▸ **TASK TO CARRY OUT**: Read through the material below and find each line that has the word "imports"; copy it.
*** Opening of RECORDS TO USE ***
(* Let $G$ be a finite simple graph whose vertices carry positive integer weights, let $t\in\mathbb{N}$, and let $v\in V(G)$ have weight $t$. Let $G(v)$ denote the weighted graph obtained from $G$ by replacing $v$ with an independent set $\{v_1,\dots,v_t\}$ of $t$ new vertices, each of weight $1$, where each $v_j$ is adjacent to exactly the vertices $w$ that were adjacent to $v$ in $G$; all other vertices, edges and weights are unchanged. Then weighted Grim played on $G$ and weighted Grim played on $G(v)$ have the same outcome: $G$ is an $\mathcal{N}$ position if and only if $G(v)$ is an $\mathcal{N}$ position.
   Context: Grim is a two-player game on a finite simple undirected graph. Any isolated vertices of the starting graph are deleted before play begins. Players alternate moves; in ordinary (unweighted) Grim a move consists of selecting a vertex of the current graph and deleting it together with all its incident edges, after which every vertex that has become isolated is also deleted. The player who makes the last legal move wins (a player facing the empty graph has no move and loses). In weighted Grim each vertex carries a positive integer weight; a vertex of weight $t$ is deleted only once it has been selected $t$ times (each selection is a move and lowers its remaining weight by one, the selection that brings it to zero deleting it with its incident edges), or when it becomes isolated, in which case it is deleted; ordinary Grim is weighted Grim with all weights equal to $1$. A position is an $\mathcal{N}$ position if the player about to move has a winning strategy, and a $\mathcal{P}$ position otherwise. *)

theory Defs
  imports Main
begin

text \<open>A simple graph is given by a symmetric irreflexive edge
relation E on a vertex type; a position of the game is the current (finite)
vertex set V together with the current remaining weights w (only the values
on V matter).  The current graph is the subgraph induced by E on V.\<close>

definition grim_isolated :: "('a \<Rightarrow> 'a \<Rightarrow> bool) \<Rightarrow> 'a set \<Rightarrow> 'a \<Rightarrow> bool" where
  "grim_isolated E V x \<longleftrightarrow> \<not> (\<exists>u\<in>V. E x u)"

definition grim_clean :: "('a \<Rightarrow> 'a \<Rightarrow> bool) \<Rightarrow> 'a set \<Rightarrow> 'a set" where
  "grim_clean E V = {x \<in> V. \<not> grim_isolated E V x}"

definition grim_move :: "('a \<Rightarrow> 'a \<Rightarrow> bool) \<Rightarrow> 'a set \<Rightarrow> ('a \<Rightarrow> nat)
      \<Rightarrow> 'a set \<Rightarrow> ('a \<Rightarrow> nat) \<Rightarrow> bool" where
  "grim_move E V w V' w' \<longleftrightarrow>
     (\<exists>x\<in>V. (1 < w x \<and> V' = V \<and> w' = w(x := w x - 1))
          \<or> (w x \<le> 1 \<and> V' = grim_clean E (V - {x}) \<and> w' = w))"

text \<open>N positions (player to move wins) and P positions (player to move loses),
normal play convention.\<close>
inductive grim_N :: "('a \<Rightarrow> 'a \<Rightarrow> bool) \<Rightarrow> 'a set \<Rightarrow> ('a \<Rightarrow> nat) \<Rightarrow> bool"
  and grim_P :: "('a \<Rightarrow> 'a \<Rightarrow> bool) \<Rightarrow> 'a set \<Rightarrow> ('a \<Rightarrow> nat) \<Rightarrow> bool"
  for E where
  N_intro: "grim_move E V w V' w' \<Longrightarrow> grim_P E V' w' \<Longrightarrow> grim_N E V w"
| P_intro: "(\<forall>V' w'. grim_move E V w V' w' \<longrightarrow> grim_N E V' w') \<Longrightarrow> grim_P E V w"

definition weighted_grim_N :: "'a set \<Rightarrow> ('a \<Rightarrow> 'a \<Rightarrow> bool) \<Rightarrow> ('a \<Rightarrow> nat) \<Rightarrow> bool" where
  "weighted_grim_N V E w \<longleftrightarrow> grim_N E (grim_clean E V) w"

definition split_V :: "'a set \<Rightarrow> 'a \<Rightarrow> nat \<Rightarrow> ('a + nat) set" where
  "split_V V v t = Inl ` (V - {v}) \<union> Inr ` {1..t}"

fun split_E :: "('a \<Rightarrow> 'a \<Rightarrow> bool) \<Rightarrow> 'a \<Rightarrow> ('a + nat) \<Rightarrow> ('a + nat) \<Rightarrow> bool" where
  "split_E E v (Inl a) (Inl b) = E a b"
| "split_E E v (Inl a) (Inr j) = E a v"
| "split_E E v (Inr i) (Inl b) = E v b"
| "split_E E v (Inr i) (Inr j) = False"

fun split_w :: "('a \<Rightarrow> nat) \<Rightarrow> ('a + nat) \<Rightarrow> nat" where
  "split_w w (Inl a) = w a"
| "split_w w (Inr j) = 1"

end

theory Submission
  imports Defs
begin

text \<open>A move at a vertex other than v in G is mirrored in G(v) by the same move, and
a move at v (lowering its weight, or deleting it when the weight is 1) by deleting one of
the remaining copies of v.  Keeping as many copies of v as its remaining weight, this is a
bisimulation between the two games.  It respects the removal of isolated vertices because a
copy of v is isolated exactly when v is, and deleting the last copy of v deletes v.\<close>

lemma grim_clean_subset: "grim_clean E V \<subseteq> V"
  unfolding grim_clean_def by blast

lemma grim_clean_idem:
  assumes "\<And>x y. E x y \<Longrightarrow> E y x"
  shows "grim_clean E (grim_clean E V) = grim_clean E V"
  using assms unfolding grim_clean_def grim_isolated_def by blast

definition grim_select :: "('a \<Rightarrow> 'a \<Rightarrow> bool) \<Rightarrow> 'a set \<Rightarrow> ('a \<Rightarrow> nat) \<Rightarrow> 'a
      \<Rightarrow> 'a set \<times> ('a \<Rightarrow> nat)" where
  "grim_select E V w x =
     (if 1 < w x then (V, w(x := w x - 1)) else (grim_clean E (V - {x}), w))"

lemma grim_select_decrement: "1 < w x \<Longrightarrow> grim_select E V w x = (V, w(x := w x - 1))"
  unfolding grim_select_def by simp

lemma grim_select_delete: "w x \<le> 1 \<Longrightarrow> grim_select E V w x = (grim_clean E (V - {x}), w)"
  unfolding grim_select_def by simp

lemma grim_move_iff_select:
  "grim_move E V w V' w' \<longleftrightarrow> (\<exists>x\<in>V. grim_select E V w x = (V', w'))"
  unfolding grim_move_def grim_select_def by (intro bex_cong refl) auto

lemma grim_N_transfer:
  assumes fwd: "\<And>A w B u A' w'. R (A, w) (B, u) \<Longrightarrow> grim_move Ga A w A' w' \<Longrightarrow>
                  \<exists>B' u'. grim_move Gb B u B' u' \<and> R (A', w') (B', u')"
    and bwd: "\<And>A w B u B' u'. R (A, w) (B, u) \<Longrightarrow> grim_move Gb B u B' u' \<Longrightarrow>
                  \<exists>A' w'. grim_move Ga A w A' w' \<and> R (A', w') (B', u')"
  shows "grim_N Ga A w \<Longrightarrow> R (A, w) (B, u) \<Longrightarrow> grim_N Gb B u"
    and "grim_P Ga A w \<Longrightarrow> R (A, w) (B, u) \<Longrightarrow> grim_P Gb B u"
proof (induction arbitrary: B u and B u rule: grim_N_grim_P.inducts)
  case (N_intro A w A' w')
  then obtain B' u' where "grim_move Gb B u B' u'" "R (A', w') (B', u')"
    using fwd by blast
  then show ?case using N_intro grim_N_grim_P.N_intro by blast
next
  case (P_intro A w)
  show ?case
  proof (rule grim_N_grim_P.P_intro, intro allI impI)
    fix B' u' assume "grim_move Gb B u B' u'"
    then obtain A' w' where "grim_move Ga A w A' w'" "R (A', w') (B', u')"
      using bwd P_intro by blast
    then show "grim_N Gb B' u'" using P_intro by blast
  qed
qed

lemma grim_N_bisimilar:
  assumes "\<And>A w B u A' w'. R (A, w) (B, u) \<Longrightarrow> grim_move Ga A w A' w' \<Longrightarrow>
             \<exists>B' u'. grim_move Gb B u B' u' \<and> R (A', w') (B', u')"
    and "\<And>A w B u B' u'. R (A, w) (B, u) \<Longrightarrow> grim_move Gb B u B' u' \<Longrightarrow>
             \<exists>A' w'. grim_move Ga A w A' w' \<and> R (A', w') (B', u')"
    and "R (A, w) (B, u)"
  shows "grim_N Ga A w \<longleftrightarrow> grim_N Gb B u"
proof
  show "grim_N Ga A w \<Longrightarrow> grim_N Gb B u"
    using grim_N_transfer(1)[of R Ga Gb] assms by blast
  show "grim_N Gb B u \<Longrightarrow> grim_N Ga A w"
    using grim_N_transfer(1)[of "\<lambda>q p. R p q" Gb Ga] assms by blast
qed

definition split_pos :: "'a \<Rightarrow> 'a set \<Rightarrow> nat set \<Rightarrow> ('a + nat) set" where
  "split_pos v A S = Inl ` (A - {v}) \<union> Inr ` S"

lemma grim_clean_split_pos:
  assumes "\<And>x. \<not> E x x" and "S = {} \<longleftrightarrow> v \<notin> A"
  shows "grim_clean (split_E E v) (split_pos v A S)
           = split_pos v (grim_clean E A) (if v \<in> grim_clean E A then S else {})"
proof (rule set_eqI)
  fix y show "y \<in> grim_clean (split_E E v) (split_pos v A S) \<longleftrightarrow>
      y \<in> split_pos v (grim_clean E A) (if v \<in> grim_clean E A then S else {})"
    using assms by (cases y) (auto simp: split_pos_def grim_clean_def grim_isolated_def bex_Un)
qed

lemma split_pos_Diff_Inl: "x \<noteq> v \<Longrightarrow> split_pos v A S - {Inl x} = split_pos v (A - {x}) S"
  unfolding split_pos_def by auto

lemma split_pos_Diff_Inr: "split_pos v A S - {Inr j} = split_pos v A (S - {j})"
  unfolding split_pos_def by auto
(* Let $(\lambda^*,\mathbf{s}^{-*},\mathbf{s}^{+*},\delta^*,\boldsymbol{\alpha}^*,\gamma^* )$ be an optimal solution of model (MIP) (defined in the context). Then $\lambda^*/\delta^*$ is a maximal element of $\Omega_o$, i.e. $\lambda^*/\delta^*\in\Omega_o$ and it has the maximum number of positive components among all elements of $\Omega_o$.
   Context: Data envelopment analysis setting. There are $n$ decision making units (DMUs) indexed by $J=\{1,\dots,n\}$, each using $m$ inputs to produce $s$ outputs; DMU$_j$ has input vector $\mathbf{x}_j=(x_{1j},\dots,x_{mj})^T\in\mathbb{R}^m_+$ and output vector $\mathbf{y}_j=(y_{1j},\dots,y_{sj})^T\in\mathbb{R}^s_+$; $\mathbf{X}=[\mathbf{x}_1\cdots\mathbf{x}_n]$, $\mathbf{Y}=[\mathbf{y}_1\cdots\mathbf{y}_n]$. Define $\mathbf{R}^-=(R^-_1,\dots,R^-_m)^T$, $\mathbf{R}^+=(R^+_1,\dots,R^+_s)^T$ by $1/R^-_i=\max_{j}x_{ij}-\min_j x_{ij}$ and $1/R^+_r=\max_j y_{rj}-\min_j y_{rj}$. For $o\in J$, the RAM model is: $\rho_o=\min\, 1-\frac{1}{m+s}(\mathbf{R}^{-T}\mathbf{s}^-+\mathbf{R}^{+T}\mathbf{s}^+)$ subject to $\mathbf{X}\lambda+\mathbf{s}^-=\mathbf{x}_o$, $\mathbf{Y}\lambda-\mathbf{s}^+=\mathbf{y}_o$, $\mathbf{1}^T\lambda=1$, $\lambda\ge 0,\mathbf{s}^-\ge0,\mathbf{s}^+\ge0$. A DMU is RAM-efficient if its optimal value $\rho$ equals $1$; let $E\subseteq J$ be the index set of RAM-efficient DMUs and $\mathbf{X}_E,\mathbf{Y}_E$ the submatrices of $\mathbf{X},\mathbf{Y}$ with columns in $E$. Fix the evaluated DMU $o\in J$. System (S): vectors $\lambda\in\mathbb{R}^{|E|}$, $\mathbf{s}^-\in\mathbb{R}^m$, $\mathbf{s}^+\in\mathbb{R}^s$, all nonnegative, with $\mathbf{X}_E\lambda+\mathbf{s}^-=\mathbf{x}_o$, $\mathbf{Y}_E\lambda-\mathbf{s}^+=\mathbf{y}_o$, $\mathbf{1}^T\lambda=1$, $\mathbf{R}^{-T}\mathbf{s}^-+\mathbf{R}^{+T}\mathbf{s}^+=(m+s)(1-\rho_o)$. Let $\Omega_o$ be the set of all $\lambda$ for which there exist $\mathbf{s}^-,\mathbf{s}^+$ such that $(\lambda,\mathbf{s}^-,\mathbf{s}^+)$ satisfies (S). A maximal element of $\Omega_o$ is an element of $\Omega_o$ with the maximum number of positive components. Model (MIP): maximize $\mathbf{1}^T\boldsymbol{\alpha}+\gamma$ over $\lambda\in\mathbb{R}^{|E|}$, $\mathbf{s}^-\in\mathbb{R}^m$, $\mathbf{s}^+\in\mathbb{R}^s$, $\delta\in\mathbb{R}$, $\boldsymbol{\alpha}\in\{0,1\}^{|E|}$, $\gamma\in\{0,1\}$ subject to $\mathbf{X}_E\lambda+\mathbf{s}^--\mathbf{x}_o\delta=\mathbf{0}$, $\mathbf{Y}_E\lambda-\mathbf{s}^+-\mathbf{y}_o\delta=\mathbf{0}$, $\mathbf{1}^T\lambda-\delta=0$, $\mathbf{R}^{-T}\mathbf{s}^-+\mathbf{R}^{+T}\mathbf{s}^+-(m+s)(1-\rho_o)\delta=0$, $\boldsymbol{\alpha}\le\lambda$, $\gamma\le\delta$, $\lambda\ge\mathbf{0}$, $\mathbf{s}^-\ge\mathbf{0}$, $\mathbf{s}^+\ge\mathbf{0}$, $\delta\ge0$. *)

theory Defs
  imports Main "HOL-Analysis.Analysis"
begin

text \<open>DMUs are indexed by a finite type 'j, inputs by a finite type 'i,
  outputs by a finite type 'r.  X i j = x_{ij}, Y r j = y_{rj}.\<close>

definition Rminus :: "('i::finite \<Rightarrow> 'j::finite \<Rightarrow> real) \<Rightarrow> 'i \<Rightarrow> real" where
  "Rminus X i = inverse (Max (range (X i)) - Min (range (X i)))"

definition Rplus :: "('r::finite \<Rightarrow> 'j::finite \<Rightarrow> real) \<Rightarrow> 'r \<Rightarrow> real" where
  "Rplus Y r = inverse (Max (range (Y r)) - Min (range (Y r)))"

definition ram_feasible ::
  "('i::finite \<Rightarrow> 'j::finite \<Rightarrow> real) \<Rightarrow> ('r::finite \<Rightarrow> 'j \<Rightarrow> real) \<Rightarrow> 'j
   \<Rightarrow> ('j \<Rightarrow> real) \<Rightarrow> ('i \<Rightarrow> real) \<Rightarrow> ('r \<Rightarrow> real) \<Rightarrow> bool" where
  "ram_feasible X Y dmu lam sm sp \<longleftrightarrow>
     (\<forall>i. (\<Sum>j\<in>UNIV. X i j * lam j) + sm i = X i dmu) \<and>
     (\<forall>r. (\<Sum>j\<in>UNIV. Y r j * lam j) - sp r = Y r dmu) \<and>
     (\<Sum>j\<in>UNIV. lam j) = 1 \<and>
     (\<forall>j. lam j \<ge> 0) \<and> (\<forall>i. sm i \<ge> 0) \<and> (\<forall>r. sp r \<ge> 0)"

definition ram_obj ::
  "('i::finite \<Rightarrow> 'j::finite \<Rightarrow> real) \<Rightarrow> ('r::finite \<Rightarrow> 'j \<Rightarrow> real)
   \<Rightarrow> ('i \<Rightarrow> real) \<Rightarrow> ('r \<Rightarrow> real) \<Rightarrow> real" where
  "ram_obj X Y sm sp = 1 - ((\<Sum>i\<in>UNIV. Rminus X i * sm i) + (\<Sum>r\<in>UNIV. Rplus Y r * sp r))
                             / (real CARD('i) + real CARD('r))"

definition ram_rho ::
  "('i::finite \<Rightarrow> 'j::finite \<Rightarrow> real) \<Rightarrow> ('r::finite \<Rightarrow> 'j \<Rightarrow> real) \<Rightarrow> 'j \<Rightarrow> real" where
  "ram_rho X Y dmu = Inf {ram_obj X Y sm sp | lam sm sp. ram_feasible X Y dmu lam sm sp}"

definition ram_E ::
  "('i::finite \<Rightarrow> 'j::finite \<Rightarrow> real) \<Rightarrow> ('r::finite \<Rightarrow> 'j \<Rightarrow> real) \<Rightarrow> 'j set" where
  "ram_E X Y = {j. ram_rho X Y j = 1}"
*** Close of RECORDS TO USE ***
▸ **WRITTEN SOLUTION**:
  imports Main
  imports Defs
  imports Main "HOL-Analysis.Analysis"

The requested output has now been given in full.